This stateful model is attractive because you can very easily reason about the state of your system. That is a huge bonus. In your typical “stateless” model, you’ll store your state in a DB and in a cache and access your cache/DB combo via stateless business logic. This makes it easy to drop in more stateless workers. However, you can run into missing writes and other cache consistency issues. Especially given that caches typically write whole objects at once (vs just changed fields) and lack optimistic locking support. You also have the guaranteed overhead of a network hop + full object GET in order to perform business logic, plus another hop and PUT if you need to write back changes (and then you need to write back into the DB). You could try and avoid the cache GET by putting in a smaller cache on your “stateless” workers, but then you have two caches you need to worry about keeping in sync.
The stateful cluster approach merges the business logic and the cache, and cleanly supports field level updates along with event sourcing. You model it exactly as you describe. You get all the benefits that you describe. But there are downsides and gotchas. Let me walk you through some of them…

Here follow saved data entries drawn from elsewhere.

(* There is an absolute constant $C>0$ such that for every $m\in\mathbb{N}$ and every $\boldsymbol{\sigma}\in\{0,1\}^m$, with $N=2^{m+1}$, $$ \left|L_2(\widetilde{\mathcal{H}}_m^{\mathrm{sym}}(\boldsymbol{\sigma}))-\frac{1}{N}\sqrt{\frac{\log N}{24\log 2}}\right|\le \frac{C}{N}, $$ i.e. $L_2(\widetilde{\mathcal{H}}_m^{\mathrm{sym}}(\boldsymbol{\sigma}))=\frac{1}{N}\sqrt{\frac{\log{N}}{24\log{2}}}+\mathcal{O}\left(\frac{1}{N}\right)$, where $\log$ is the natural logarithm.
   Context: For an $N$-element point multiset $\mathcal{P}=\{\boldsymbol{x}_0,\dots,\boldsymbol{x}_{N-1}\}$ in $[0,1]^2$ and $\alpha,\beta\in(0,1]$, the local discrepancy is $\Delta(\alpha,\beta,\mathcal{P})=A([0,\alpha)\times[0,\beta),\mathcal{P})-N\alpha\beta$, where $A([0,\alpha)\times[0,\beta),\mathcal{P})$ is the number of indices $0\le n\le N-1$ with $\boldsymbol{x}_n\in[0,\alpha)\times[0,\beta)$ (points counted with multiplicity). The $L_2$ discrepancy is $L_2(\mathcal{P})=\frac1N\left(\int_0^1\int_0^1|\Delta(\alpha,\beta,\mathcal{P})|^2\,d\alpha\,d\beta\right)^{1/2}$. For $\boldsymbol{\sigma}\in\{0,1\}^m$ the shifted Hammersley point set is $$\mathcal{H}_m(\boldsymbol{\sigma})=\left\{\left(\frac{t_m}{2}+\frac{t_{m-1}}{2^2}+\dots+\frac{t_1}{2^m},\ \frac{s_1}{2}+\dots+\frac{s_m}{2^m}\right): t_1,\dots,t_m\in\{0,1\}\right\},$$ where $s_j=t_j\oplus\sigma_j$ ($\oplus$ is addition modulo 2); it has $2^m$ points. The set $\widetilde{\mathcal{H}}_m^{\mathrm{sym}}(\boldsymbol{\sigma})$ is the union (as a multiset of $2^{m+1}$ points, some of which may coincide) of $\mathcal{H}_m(\boldsymbol{\sigma})$ with $\{(x,1-y):(x,y)\in\mathcal{H}_m(\boldsymbol{\sigma})\}$. *)

theory Defs
  imports "HOL-Analysis.Analysis"
begin

(* A point multiset is represented as a list of points in real \<times> real (multiplicities preserved). *)

definition count_box :: "real \<Rightarrow> real \<Rightarrow> (real \<times> real) list \<Rightarrow> nat" where
  "count_box \<alpha> \<beta> P = length (filter (\<lambda>x. 0 \<le> fst x \<and> fst x < \<alpha> \<and> 0 \<le> snd x \<and> snd x < \<beta>) P)"

definition local_disc :: "real \<Rightarrow> real \<Rightarrow> (real \<times> real) list \<Rightarrow> real" where
  "local_disc \<alpha> \<beta> P = real (count_box \<alpha> \<beta> P) - real (length P) * \<alpha> * \<beta>"

definition L2_disc :: "(real \<times> real) list \<Rightarrow> real" where
  "L2_disc P = (1 / real (length P)) *
     sqrt (integral (cbox (0,0) (1,1)) (\<lambda>ab. (local_disc (fst ab) (snd ab) P)\<^sup>2))"

(* Digit vectors t = (t_1,...,t_m) are lists with t_j = t ! (j-1); similarly sigma. *)
definition hammersley_point :: "nat \<Rightarrow> bool list \<Rightarrow> bool list \<Rightarrow> real \<times> real" where
  "hammersley_point m \<sigma> t =
     ((\<Sum>j=1..m. (if t ! (j - 1) then 1 else 0) / 2 ^ (m + 1 - j)),
      (\<Sum>j=1..m. (if t ! (j - 1) \<noteq> \<sigma> ! (j - 1) then 1 else 0) / 2 ^ j))"

definition shifted_hammersley :: "nat \<Rightarrow> bool list \<Rightarrow> (real \<times> real) list" where
  "shifted_hammersley m \<sigma> = map (hammersley_point m \<sigma>) (List.n_lists m [False, True])"

definition sym_hammersley :: "nat \<Rightarrow> bool list \<Rightarrow> (real \<times> real) list" where
  "sym_hammersley m \<sigma> = shifted_hammersley m \<sigma> @ map (\<lambda>(x, y). (x, 1 - y)) (shifted_hammersley m \<sigma>)"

- Split brain clusters are a major problem - When the stateful model is up and running, it works wonderfully. But in the case of network failures, you need to be very careful. This happens when the network link between some cluster nodes goes down, yet the connection between your LB and these nodes remains up. You will end up with two stateful clusters, each managing state independently. This situation needs careful consideration and an automated resolution strategy. This also means you need at least 3 nodes to start a cluster so that a split can be detected.
- Process registration can be a problem - Yes I believe that Elixir has a distributed process registry. But be sure and check the fine print. How long does it take to register a new process across 100 nodes? How feasible is it to have millions of tracked processes? If a node is restarted, how long does it take to reload and reregister the million processes that node was tracking? There may be very good, positive, answers to these questions. But you need to ask them.

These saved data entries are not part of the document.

lemma pair_dir_slope_uniformly_negative:
  assumes i: "i < n" and box: "\<forall>k\<le>n. a k \<in> {0..1}"
    and gap: "maxset n a \<inter> {a i<..<a (Suc i)} = {}" and "0 < \<alpha>" "\<beta> < 1"
  obtains c where "0 < c"
    "\<And>q. q \<in> maxset n a \<Longrightarrow> \<alpha> \<le> q \<Longrightarrow> q \<le> \<beta> \<Longrightarrow> D_slope n a (pair_dir n a i) q \<le> - c"
proof -
  define K where "K = maxset n a \<inter> {\<alpha>..\<beta>}"
  have K: "0 < q" "q < 1" "D n a q = maxD n a" "\<not> (a i < q \<and> q < a (Suc i))" if "q \<in> K" for q
    using that gap \<open>0 < \<alpha>\<close> \<open>\<beta> < 1\<close> by (auto simp: K_def maxset_def)
  have "compact K"
    unfolding K_def using closed_maxset by (intro closed_Int_compact) auto
  moreover have "continuous_on K (\<lambda>q. q ^ i * (1 - q) ^ (n - Suc i) * \<bar>q - a i\<bar>)"
    by (intro continuous_intros)
  moreover have "0 < q ^ i * (1 - q) ^ (n - Suc i) * \<bar>q - a i\<bar>" if "q \<in> K" for q
    using K[OF that] max_point_not_node[OF K(1-3)[OF that], of i] i by auto
  ultimately obtain c where c: "0 < c" "\<And>q. q \<in> K \<Longrightarrow> c \<le> q ^ i * (1 - q) ^ (n - Suc i) * \<bar>q - a i\<bar>"
    by (rule compact_pos_lower_bound) auto
  show thesis
  proof (rule that[OF c(1)])
    fix q
    assume "q \<in> maxset n a" "\<alpha> \<le> q" "q \<le> \<beta>"
    then have "q \<in> K"
      by (simp add: K_def)
    moreover have "a i \<noteq> q" "a (Suc i) \<noteq> q"
      using max_point_not_node[OF K(1-3)[OF \<open>q \<in> K\<close>], of i]
        max_point_not_node[OF K(1-3)[OF \<open>q \<in> K\<close>], of "Suc i"] i by auto
    ultimately have "D_slope n a (pair_dir n a i) q \<le> - (q ^ i * (1 - q) ^ (n - Suc i) * \<bar>q - a i\<bar>)"
      using K[OF \<open>q \<in> K\<close>] i box by (intro D_slope_pair_dir_le) auto
    with c(2)[OF \<open>q \<in> K\<close>] show "D_slope n a (pair_dir n a i) q \<le> - c"
      by linarith
  qed
qed
lemma rho_eq_rel_count:
  assumes "distinct_x Y"
  shows "rho Y s = 2 * real (rel_count (slope_less s) Y Y) / (card Y * (real (card Y) - 1))"
proof -
  let ?P = "{(a, b) \<in> Y \<times> Y. slope_less s a b}"
  let ?U = "{{a, b} | a b. a \<in> Y \<and> b \<in> Y \<and> a \<noteq> b \<and> slope a b < s}"
  let ?edge = "\<lambda>(a, b). {a, b}"
  have U_sub: "?U \<subseteq> ?edge ` ?P"
  proof
    fix e assume "e \<in> ?U"
    then obtain a b where e: "e = {a, b}" "a \<in> Y" "b \<in> Y" "a \<noteq> b" "slope a b < s" by blast
    then have "fst a \<noteq> fst b" using assms unfolding distinct_x_def by blast
    then consider "slope_less s a b" | "slope_less s b a"
      using e(5) slope_commute[of a b] unfolding slope_less_def by linarith
    then show "e \<in> ?edge ` ?P"
    proof cases
      case 1
      then have "(a, b) \<in> ?P" using e by simp
      then show ?thesis using e(1) by force
    next
      case 2
      then have "(b, a) \<in> ?P" using e by simp
      moreover have "e = ?edge (b, a)" using e(1) by auto
      ultimately show ?thesis by blast
    qed
  qed
  have sub_U: "?edge ` ?P \<subseteq> ?U"
  proof
    fix e assume "e \<in> ?edge ` ?P"
    then obtain a b where e: "e = {a, b}" "a \<in> Y" "b \<in> Y" "slope_less s a b" by auto
    then have "a \<noteq> b" "slope a b < s" unfolding slope_less_def by auto
    then show "e \<in> ?U" using e by blast
  qed
  have "inj_on ?edge ?P"
  proof (rule inj_onI)
    fix p q assume "p \<in> ?P" "q \<in> ?P" "?edge p = ?edge q"
    then show "p = q" unfolding slope_less_def by (auto simp: doubleton_eq_iff)
  qed
  then have "card ?U = card ?P"
    using subset_antisym[OF U_sub sub_U] by (simp add: card_image)
  then show ?thesis unfolding rho_def rel_count_def real_choose_two by simp
qed

lemma rho_approx_pair_density:
  assumes "distinct_x Y" "2 \<le> card Y"
  shows "\<bar>rho Y s - 2 * real (rel_count (slope_less s) Y Y) / real (card Y) ^ 2\<bar> \<le> 4 / card Y"
proof -
  define k N where "k = real (card Y)" and "N = real (rel_count (slope_less s) Y Y)"
  have "finite Y" using assms(2) card.infinite by fastforce
  have k: "2 \<le> k" using assms(2) unfolding k_def by simp
  have "N \<le> k * k"
    unfolding k_def N_def using rel_count_le[OF \<open>finite Y\<close> \<open>finite Y\<close>] of_nat_mono
    by fastforce
  then have N: "0 \<le> N" "N \<le> k^2" unfolding N_def power2_eq_square by simp_all
  have "rho Y s - 2 * N / k^2 = (2 * N / k^2) / (k - 1)"
    using k unfolding rho_eq_rel_count[OF assms(1)] k_def N_def
    by (simp add: field_simps power2_eq_square)
  moreover have "0 \<le> (2 * N / k^2) / (k - 1)" using k N by simp
  moreover have "(2 * N / k^2) / (k - 1) \<le> 2 / (k - 1)"
    using k N by (intro divide_right_mono) (auto simp: pos_divide_le_eq)
  moreover have "2 / (k - 1) \<le> 4 / k" using k by (simp add: field_simps)
  ultimately have "\<bar>rho Y s - 2 * N / k^2\<bar> \<le> 4 / k" unfolding abs_le_iff by linarith
  then show ?thesis unfolding k_def N_def .
qed

lemma rho_eps_approx_parallelograms:
  assumes "finite X" "distinct_x X" "eps_approx A X parallelograms \<epsilon>"
    and "0 < \<epsilon>" "1 / \<epsilon> \<le> card A" "2 \<le> card A"
  shows "\<bar>rho X s - rho A s\<bar> \<le> 12 * \<epsilon>"
proof -
  let ?density = "\<lambda>Y. real (rel_count (slope_less s) Y Y) / real (card Y) ^ 2"
  have "A \<subseteq> X" using assms(3) unfolding eps_approx_def by blast
  have "A \<noteq> {}" using assms(6) by auto
  from \<open>A \<subseteq> X\<close> have "distinct_x A" using assms(2) unfolding distinct_x_def by blast
  have "card A \<le> card X" using card_mono[OF assms(1) \<open>A \<subseteq> X\<close>] .
  have "1 \<le> \<epsilon> * card A" using assms(4,5) by (simp add: field_simps)
  moreover have "\<epsilon> * card A \<le> \<epsilon> * card X"
    using assms(4) \<open>card A \<le> card X\<close> by simp
  ultimately have "4 / card A \<le> 4 * \<epsilon>" "4 / card X \<le> 4 * \<epsilon>"
    using assms(6) \<open>card A \<le> card X\<close> by (simp_all add: field_simps)
  moreover have "\<bar>rho A s - 2 * ?density A\<bar> \<le> 4 / card A"
    using rho_approx_pair_density[OF \<open>distinct_x A\<close> assms(6)] by simp
  moreover have "\<bar>rho X s - 2 * ?density X\<bar> \<le> 4 / card X"
    using rho_approx_pair_density[OF assms(2)] assms(6) \<open>card A \<le> card X\<close> by simp
  moreover have "\<bar>?density A - ?density X\<bar> \<le> 2 * \<epsilon>"
    using rel_count_density_approx[OF assms(1) \<open>A \<subseteq> X\<close> \<open>A \<noteq> {}\<close>]
      eps_approx_slope_less_row[OF assms(1,3)] eps_approx_slope_less_column[OF assms(1,3)]
    by simp
  ultimately show ?thesis unfolding abs_le_iff by linarith
qed

theorem mainTheorem6:
  "\<exists>C::real. \<forall>(\<epsilon>::real) (X::pt set) (A::pt set) (s::real).
     0 < \<epsilon> \<and> \<epsilon> \<le> 1 \<and> finite X \<and> distinct_x X \<and>
     eps_approx A X parallelograms \<epsilon> \<and> real (card A) \<ge> max 2 (1 / \<epsilon>)
     \<longrightarrow> \<bar>rho X s - rho A s\<bar> \<le> C * \<epsilon> powr (1/3)"
proof (intro exI[of _ 12] allI impI, elim conjE)
  fix \<epsilon> :: real and X A :: "pt set" and s :: real
  assume "0 < \<epsilon>" "\<epsilon> \<le> 1" "finite X" "distinct_x X" "eps_approx A X parallelograms \<epsilon>"
    and "real (card A) \<ge> max 2 (1 / \<epsilon>)"
  then have "\<bar>rho X s - rho A s\<bar> \<le> 12 * \<epsilon>"
    by (intro rho_eps_approx_parallelograms) auto
  moreover have "\<epsilon> \<le> \<epsilon> powr (1/3)"
    using powr_mono'[of "1/3" 1 \<epsilon>] \<open>0 < \<epsilon>\<close> \<open>\<epsilon> \<le> 1\<close> by simp
  ultimately show "\<bar>rho X s - rho A s\<bar> \<le> 12 * \<epsilon> powr (1/3)" by linarith
qed

end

- Process fail-over needs to be thought about - What should the system do in the event of a node crash? Process A knows it needs to route a message to Process B, but Process B has crashed, or not responding. Now what? What is the latency incurred in these cases? Often it is unacceptably high because it isn’t easy to for the system to deterministically detect a failure and relocate a single Process B to another location within a few milliseconds.

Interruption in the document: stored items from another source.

(* Let $2\le n\le+\infty$ and let $\{a_i\}_{i=1}^n$ be a non-increasing $n$-tuple of positive numbers with $\sum_{i=1}^n a_i\le1$ and $\sum_{i=1}^n\eta(a_i)<+\infty$. Let $I_n=\mathbb{N}\cap[1,n]$, $d_k=\sum_{i=k+1}^n a_i$, $s_k=\sum_{i=k+1}^n\eta(a_i)$ for $k\in\{0\}\cup I_{n-1}$, $b_k=s_{k-1}+d_{k-1}\ln a_k$ for $k\in I_n$ (so $b_n=0$ if $n<\infty$). Define $z_0(0)=n$ and, for $b>0$, $$z_0(b)=\sum_{k=1}^{n-1}\mathbf{1}_{B'_k}(b)\left(k+d_ke^{\frac{s_k-b}{d_k}}\right),\quad B'_1=[b_2,+\infty),\ B'_k=[b_{k+1},b_k)\ (k\in I_{n-1}\setminus\{1\}).$$ For $b>0$ let $\bar{x}^b=\{x^b_i\}_{i=1}^n$ be the unique minimizer of $\sum_{i=1}^n e^{-bx_i}$ over the set of nondecreasing $n$-tuples $\{x_i\}$ of reals with $x_1=0$ and $\sum_{i=1}^n a_ix_i=1$ (so that $z_0(b)$ is the minimum value). Let $\theta>0$, $f(b)=\theta b+\ln z_0(b)$, and $$m=1\ \text{if}\ \theta<1/d_0,\qquad m=\max\{k\in I_{n-1}:\ d_k+ka_k\ge1/\theta\}\ \text{if}\ \theta\ge1/d_0.$$ (i) If $n<+\infty$: $f$ is positive, convex and continuously differentiable on $[0,+\infty)$; $f(0)=\ln n$, $f'(0^+)=\theta-\frac{1}{a_nn}$ and $\lim_{b\to+\infty}f(b)=+\infty$; and $\inf_{b\in[0,+\infty)}f(b)=f(b_* )$, where $b_*$ is the unique point of $[0,+\infty)$ at which the infimum is attained, given by: in case $A$ ($a_nn\ge1/\theta$), $b_*=0$ and $f(b_* )=\ln n$; in case $B$ ($a_nn<1/\theta$), $b_*=s_m+d_m\ln\frac{1-\theta d_m}{\theta m}$ and $f(b_* )=b_*\theta+\ln\frac{m}{1-d_m\theta}$. In case $A$, $\lim_{b\to0^+}x^b_i=0$ for $1\le i\le\tilde m$ and $\lim_{b\to0^+}x^b_i=\frac{1}{a_n(n-\tilde m)}$ for $\tilde m<i\le n$, where $\tilde m=n-\max\{k\in\mathbb{N}\cap[1,n-1]:a_{n-k+1}=a_n\}$. In case $B$, $x^{b_*}_i=0$ for $1\le i\le m$ and $x^{b_*}_i=\frac{1}{b_*}\ln\frac{1-\theta d_m}{a_i\theta m}$ for $m<i\le n$. (ii) If $n=+\infty$: $f$ is positive, convex and continuously differentiable on $(0,+\infty)$; $\lim_{b\to0^+}f(b)=+\infty$, $\lim_{b\to0^+}f'(b)=-\infty$, $\lim_{b\to+\infty}f(b)=+\infty$; $\inf_{b\in(0,+\infty)}f(b)=f(b_* )$ with $b_*=s_m+d_m\ln\frac{1-\theta d_m}{\theta m}$ the unique point of $[0,+\infty)$ where the infimum is attained (with $f(0)=+\infty$), and $$f(b_* )=\theta s_m+\eta(1-\theta d_m)+(1-\theta d_m)\ln m+d_m\eta(\theta).$$ Moreover $x^{b_*}_i=0$ for $1\le i\le m$, $x^{b_*}_i=\frac{1}{b_*}\ln\frac{1-\theta d_m}{a_i\theta m}$ for $i>m$, and $$\sum_{i=1}^{+\infty}x^{b_*}_ie^{-b_*x^{b_*}_i}=\theta\sum_{i=1}^{+\infty}e^{-b_*x^{b_*}_i}.$$
   Context: $\eta(x)=-x\ln x$ for $x>0$, $\eta(0)=0$. An $n$-tuple with $n=+\infty$ means a sequence. $\mathbf{1}_B$ is the indicator function of $B$; $f'(0^+)$ is the right derivative at $0$. *)

theory Defs
  imports "HOL-Analysis.Analysis" "HOL-Library.Extended_Nat"
begin

definition eta :: "real \<Rightarrow> real" where
  "eta x = (if x > 0 then - x * ln x else 0)"

definition Idx :: "enat \<Rightarrow> nat set" where
  "Idx n = {i. 1 \<le> i \<and> enat i \<le> n}"

definition dd :: "enat \<Rightarrow> (nat \<Rightarrow> real) \<Rightarrow> nat \<Rightarrow> real" where
  "dd n a k = infsum a {i \<in> Idx n. k < i}"

definition ss :: "enat \<Rightarrow> (nat \<Rightarrow> real) \<Rightarrow> nat \<Rightarrow> real" where
  "ss n a k = infsum (\<lambda>i. eta (a i)) {i \<in> Idx n. k < i}"

definition bb :: "enat \<Rightarrow> (nat \<Rightarrow> real) \<Rightarrow> nat \<Rightarrow> real" where
  "bb n a k = ss n a (k - 1) + dd n a (k - 1) * ln (a k)"

definition Bp :: "enat \<Rightarrow> (nat \<Rightarrow> real) \<Rightarrow> nat \<Rightarrow> real set" where
  "Bp n a k = (if k = 1 then {bb n a 2..} else {bb n a (k + 1)..<bb n a k})"

text \<open>z_0; z_0(0) = n (only meaningful for finite n).\<close>
definition z0 :: "enat \<Rightarrow> (nat \<Rightarrow> real) \<Rightarrow> real \<Rightarrow> real" where
  "z0 n a b = (if b = 0 then real (the_enat n)
     else infsum (\<lambda>k. indicator (Bp n a k) b *
                       (real k + dd n a k * exp ((ss n a k - b) / dd n a k)))
                 {k. 1 \<le> k \<and> enat (k + 1) \<le> n})"

definition feasible :: "enat \<Rightarrow> (nat \<Rightarrow> real) \<Rightarrow> (nat \<Rightarrow> real) \<Rightarrow> bool" where
  "feasible n a x \<longleftrightarrow>
     (\<forall>i. i \<notin> Idx n \<longrightarrow> x i = 0) \<and>
     (\<forall>i\<in>Idx n. \<forall>j\<in>Idx n. i \<le> j \<longrightarrow> x i \<le> x j) \<and>
     x 1 = 0 \<and>
     (\<lambda>i. a i * x i) summable_on Idx n \<and> infsum (\<lambda>i. a i * x i) (Idx n) = 1"

text \<open>x minimizes sum e^{-b x_i} over feasible tuples (a non-summable sum is +infinity).\<close>
definition is_minimizer :: "enat \<Rightarrow> (nat \<Rightarrow> real) \<Rightarrow> real \<Rightarrow> (nat \<Rightarrow> real) \<Rightarrow> bool" where
  "is_minimizer n a b x \<longleftrightarrow>
     feasible n a x \<and> (\<lambda>i. exp (- b * x i)) summable_on Idx n \<and>
     (\<forall>y. feasible n a y \<and> (\<lambda>i. exp (- b * y i)) summable_on Idx n \<longrightarrow>
          infsum (\<lambda>i. exp (- b * x i)) (Idx n) \<le> infsum (\<lambda>i. exp (- b * y i)) (Idx n))"

definition xb :: "enat \<Rightarrow> (nat \<Rightarrow> real) \<Rightarrow> real \<Rightarrow> nat \<Rightarrow> real" where
  "xb n a b = (THE x. is_minimizer n a b x)"

definition ff :: "enat \<Rightarrow> (nat \<Rightarrow> real) \<Rightarrow> real \<Rightarrow> real \<Rightarrow> real" where
  "ff n a \<theta> b = \<theta> * b + ln (z0 n a b)"

definition mm :: "enat \<Rightarrow> (nat \<Rightarrow> real) \<Rightarrow> real \<Rightarrow> nat" where
  "mm n a \<theta> = (if \<theta> < 1 / dd n a 0 then 1
     else Max {k. 1 \<le> k \<and> enat (k + 1) \<le> n \<and> dd n a k + real k * a k \<ge> 1 / \<theta>})"

end

theory Submission
  imports Defs
begin

text \<open>
  Fix a multiplier \<open>E > 0\<close> and put \<open>x\<^sub>1 = 0\<close>, \<open>exp (- b x\<^sub>i) = min 1 (E a\<^sub>i)\<close> for \<open>i \<ge> 2\<close>.
  This tuple meets the constraint \<open>\<Sum> a\<^sub>i x\<^sub>i = 1\<close> exactly when \<open>b = budget E\<close>, and since the
  Lagrangian \<open>exp (- b y\<^sub>i) + E b a\<^sub>i y\<^sub>i\<close> is minimised termwise by \<open>x\<^sub>i\<close> over \<open>y\<^sub>i \<ge> 0\<close>,
  it is the unique minimiser, with value \<open>zval E\<close>. The budget is strictly decreasing in
  \<open>E\<close>, so each admissible \<open>b\<close> has a unique multiplier \<open>mult b\<close> and \<open>z\<^sub>0 b = zval (mult b)\<close>;
  on the piece \<open>B'\<^sub>k\<close> the multiplier is \<open>exp ((s\<^sub>k - b) / d\<^sub>k)\<close>, which is where the
  formula for \<open>z\<^sub>0\<close> comes from.

  A supporting-line inequality for the curve \<open>E \<mapsto> (budget E, zval E)\<close> gives
  \<open>z\<^sub>0' b = - mult b\<close>, hence \<open>f' b = \<theta> - mult b / zval (mult b)\<close>, which is strictly
  increasing in \<open>b\<close>. So \<open>f\<close> is convex with a unique minimiser: the zero of \<open>f'\<close>, whose
  multiplier is \<open>\<theta> m / (1 - \<theta> d\<^sub>m)\<close> for the paper's index \<open>m\<close>, or else \<open>b = 0\<close>.
\<close>

lemma infsum_diff:
  fixes f g :: "'a \<Rightarrow> 'b::{topological_ab_group_add, t2_space}"
  assumes "f summable_on A" "g summable_on A"
  shows "infsum (\<lambda>x. f x - g x) A = infsum f A - infsum g A"
  using infsum_add[OF assms(1) summable_on_uminus[THEN iffD2, OF assms(2)]]
  by (simp add: infsum_uminus)

lemma summable_on_diff:
  fixes f g :: "'a \<Rightarrow> 'b::topological_ab_group_add"
  assumes "f summable_on A" "g summable_on A"
  shows "(\<lambda>x. f x - g x) summable_on A"
  using summable_on_add[OF assms(1) summable_on_uminus[THEN iffD2, OF assms(2)]] by simp

lemma infsum_tail_tendsto_0:
  fixes f :: "nat \<Rightarrow> real"
  assumes sf: "f summable_on A" and nn: "\<And>i. i \<in> A \<Longrightarrow> 0 \<le> f i"
  shows "(\<lambda>k. infsum f {i\<in>A. k < i}) \<longlonglongrightarrow> 0"
proof (rule LIMSEQ_I)
  fix r :: real assume r: "0 < r"
  obtain F where F: "finite F" "F \<subseteq> A" "dist (sum f F) (infsum f A) \<le> r / 2"
    using infsum_finite_approximation[OF sf, of "r / 2"] r by auto
  define K where "K = Max (insert 0 F)"
  have FK: "i \<le> K" if "i \<in> F" for i using F that by (auto simp: K_def)
  show "\<exists>no. \<forall>k\<ge>no. norm (infsum f {i\<in>A. k < i} - 0) < r"
  proof (intro exI allI impI)
    fix k assume k: "K \<le> k"
    have s1: "f summable_on {i\<in>A. i \<le> k}" "f summable_on {i\<in>A. k < i}"
      using sf by (auto intro: summable_on_subset_banach)
    have "infsum f A = infsum f ({i\<in>A. i \<le> k} \<union> {i\<in>A. k < i})"
      by (rule arg_cong[where f = "infsum f"]) auto
    also have "\<dots> = infsum f {i\<in>A. i \<le> k} + infsum f {i\<in>A. k < i}"
      using s1 by (intro infsum_Un_disjoint) auto
    finally have split: "infsum f A = infsum f {i\<in>A. i \<le> k} + infsum f {i\<in>A. k < i}" .
    have "F \<subseteq> {i\<in>A. i \<le> k}" using F(2) FK k le_trans by blast
    then have "sum f F \<le> infsum f {i\<in>A. i \<le> k}"
      using F(1) nn s1 by (intro finite_sum_le_infsum) auto
    moreover have "0 \<le> infsum f {i\<in>A. k < i}" using nn by (intro infsum_nonneg) auto
    ultimately show "norm (infsum f {i\<in>A. k < i} - 0) < r"
      using split F(3) r by (auto simp: dist_real_def)
  qed
qed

- Cluster remoting protocols aren’t necessarily optimized - While you might be able to use Distributed Elixir to implement this model, is Distributed Elixir optimized for low latency, high throughput messages? This was a problem for Akka in the past as well. While the model worked, the naive serialization commonly used by these protocols isn’t nearly as performant as their dedicated caching counterparts (or even JSON over HTTP). Care needs to be taken here as well. Are node heartbeats being sent across this same channel? If so, watch out.
From experience, I can say that the promise is real. When it works, it works really well. Just be sure to account for the situations when things aren’t working well. Elixir promotes “letting it crash”. But a crash should not cause seconds of latency while the system recovers from this crash. A code deployment shouldn’t cause massive service disruption. But these are hard problems to solve in stateful clusters, especially ones that try and have an exactly one processor model. Ensuring that you only have a single actor/process owning that state adds complexity, and often times time overhead in the failure case.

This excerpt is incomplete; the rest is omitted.